In an interview with The Sunday Guardian, the sister publication of The Daily Guardian, External Affairs Minister S. Jaishankar was refuting the claim often made by policymakers that a country’s foreign policy is constant irrespective of the party in power. He was speaking on how India’s foreign policy has evolved in the last 10 years of the Narendra Modi government—how from an ideologically leftward tilt, the course has been corrected to make foreign policy an India/Bharat-first policy. He gave the specific example of India’s Israel policy to make his point.

Looking at India-Israel relations, it is a fact that the current government has prioritised the need to have a strategic partnership with a defence and technology powerhouse like Israel, which had been shunned by India until 1992, when diplomatic relations were established.

Even after 1992, for fear of angering the Arab-Muslim world as well as Indian Muslims, successive Congress-led governments kept relations between the two countries in abeyance. Things started improving only when Atal Bihari Vajpayee became Prime Minister for a second time. Israeli Prime Minister Ariel Sharon’s visit to India took place in 2003, when Vajpayee was Prime Minister. Vajpayee lost power in 2004 and a reciprocal visit to Israel by an Indian Prime Minister took place 25 years after diplomatic relations were established, when Narendra Modi landed in Tel Aviv in July 2017. It is noteworthy that India’s robust diplomatic relations with Israel have had zero impact on India’s relations with the Arab-Muslim world.

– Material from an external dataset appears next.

(* A $\star$-metric space $(X,d^\star)$ is compact (i.e. $(X,\mathscr{T}_{d^\star})$ is a compact topological space) if and only if $(X,d^\star)$ is complete and totally bounded.
   Context: A $t$-definer is a function $\star:[0,\infty)\times[0,\infty)\to[0,\infty)$ such that for all $a,b,c\ge 0$: $a\star b=b\star a$; $a\star(b\star c)=(a\star b)\star c$; if $a\le b$ then $a\star c\le b\star c$; $a\star 0=a$; and $\star$ is continuous in its first variable with respect to the Euclidean topology. Given a nonempty set $X$ and a $t$-definer $\star$, a $\star$-metric on $X$ is a function $d^\star:X\times X\to[0,\infty)$ such that for all $x,y,z\in X$: $d^\star(x,y)=0$ iff $x=y$; $d^\star(x,y)=d^\star(y,x)$; and $d^\star(x,y)\le d^\star(x,z)\star d^\star(z,y)$. Put $B_{d^\star}(a,r)=\{x\in X: d^\star(a,x)<r\}$ and let $\mathscr{T}_{d^\star}$ be the topology consisting of all $U\subseteq X$ such that for each $a\in U$ some $B_{d^\star}(a,r)$, $r>0$, is contained in $U$. $(X,d^\star)$ is totally bounded if for every $\epsilon>0$ there is a finite $F\subseteq X$ with $X=\bigcup_{x\in F}B_{d^\star}(x,\epsilon)$. A sequence $\{x_n\}$ is Cauchy if for every $\epsilon>0$ there is $k$ with $d^\star(x_n,x_m)<\epsilon$ for all $m,n\ge k$; it converges to $x$ if for every $\epsilon>0$ there is $k$ with $d^\star(x,x_n)<\epsilon$ for $n\ge k$. $(X,d^\star)$ is complete if every Cauchy sequence converges to a point of $X$. *)

theory Defs
  imports "HOL-Analysis.Analysis"
begin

Instead there has been significant improvement in India-Gulf relations.

It is Prime Minister Modi’s expertise at walking the tightrope between Israel and the Arab world that has facilitated the existence of platforms such as the I2U2—India, Israel, United States and the United Arab Emirates—and the IMEC (India-Middle East Europe Corridor). Of course the signing of the Abraham Accords between Israel and some Gulf states under the supervision of President Donald Trump also helped. But the bottom line is that PM Modi has shown exemplary expertise at walking the tightrope between Israel and Palestine, while refusing to make common cause with only one side—Palestinian to be specific, as it was earlier. Post the 7 October 2023 blood-curdling terrorist attack on Israel by the Hamas, when India clearly spoke out against the terrorism inflicted on Israel, the response from within camps allied to the Opposition was both political and ideological.

The government was accused by rival political parties of discarding India’s well-established pro-Palestine policy. While political players were vocal, the larger ecosystem of the foreign policy establishment was equally critical, if not in public, but definitely in private. Since then much water has flown under the bridge, and the Modi government has extended a helping hand to the Palestinians once Israel invaded Gaza. New Delhi has reiterated its stand on a two-state solution, has even voted against Israel in the United Nations on a couple of resolutions. And all this without compromising its stance on Hamas-inflicted terrorism even once. India also has not made any attempt to qualify Hamas’ action against Israel by saying “but think of what Israel has been doing to Palestinians”, which, sadly, some retired Indian diplomats and bureaucrats steeped in India’s traditional geopolitical thinking are doing even now.

As an aside, the chaos on US university campuses on the war in Gaza is a completely political response emanating from the left side of the spectrum, with even anti-Semitism being justified as a counter to Israeli action on Gazans. To call for an immediate ceasefire in Gaza is a legitimate demand—whether strategically viable or not, is a different matter—but no way can the Jewish population be targeted for the war that Israel is fighting in Gaza, a war that was inflicted on it by the Hamas. Hamas’ action was meant to derail the mainstreaming of Israel in the Arab world, which it was able to do to a large extent post 7 October. The bad blood in Middle East is believed to be affecting even IMEC, with work on the Israel part of the corridor stalled. But India has insulated itself enough amid the turmoil to be able to pursue the India-Middle East part. This is a completely India-focused approach, where India is exploring the potential of such a corridor to ensure all-round prosperity. At the same time, its opposition to terrorism continues rock-solid. This is a major departure from India’s largely “leftist” policy and must be appreciated.

In fact, India was never really nonaligned, even though espousing the cause. It was firmly aligned with Soviet Russia, with a strong streak of anti-Americanism defining its policy, even though the leaders, bureaucrats and diplomats who led India down that path, had their children studying or working in the US, or the West. Of course the US’ closeness to Pakistan aggravated the problem. In the process, India became majorly dependent on Russian weapons, thus putting all its eggs in one basket. It is only in the last decade that India has started to diversify the sourcing of its weapons, apart from making at home. That today, India can stand up to the West in defence of its independent policy on Ukraine, while signing the United States-India Initiative on Critical and Emerging Technology (iCET), thus ensuring the transfer of critical technology that only the US can provide, is a huge leap forward for the country. And all this because the India’s foreign policy has undergone major changes in the last 10 years.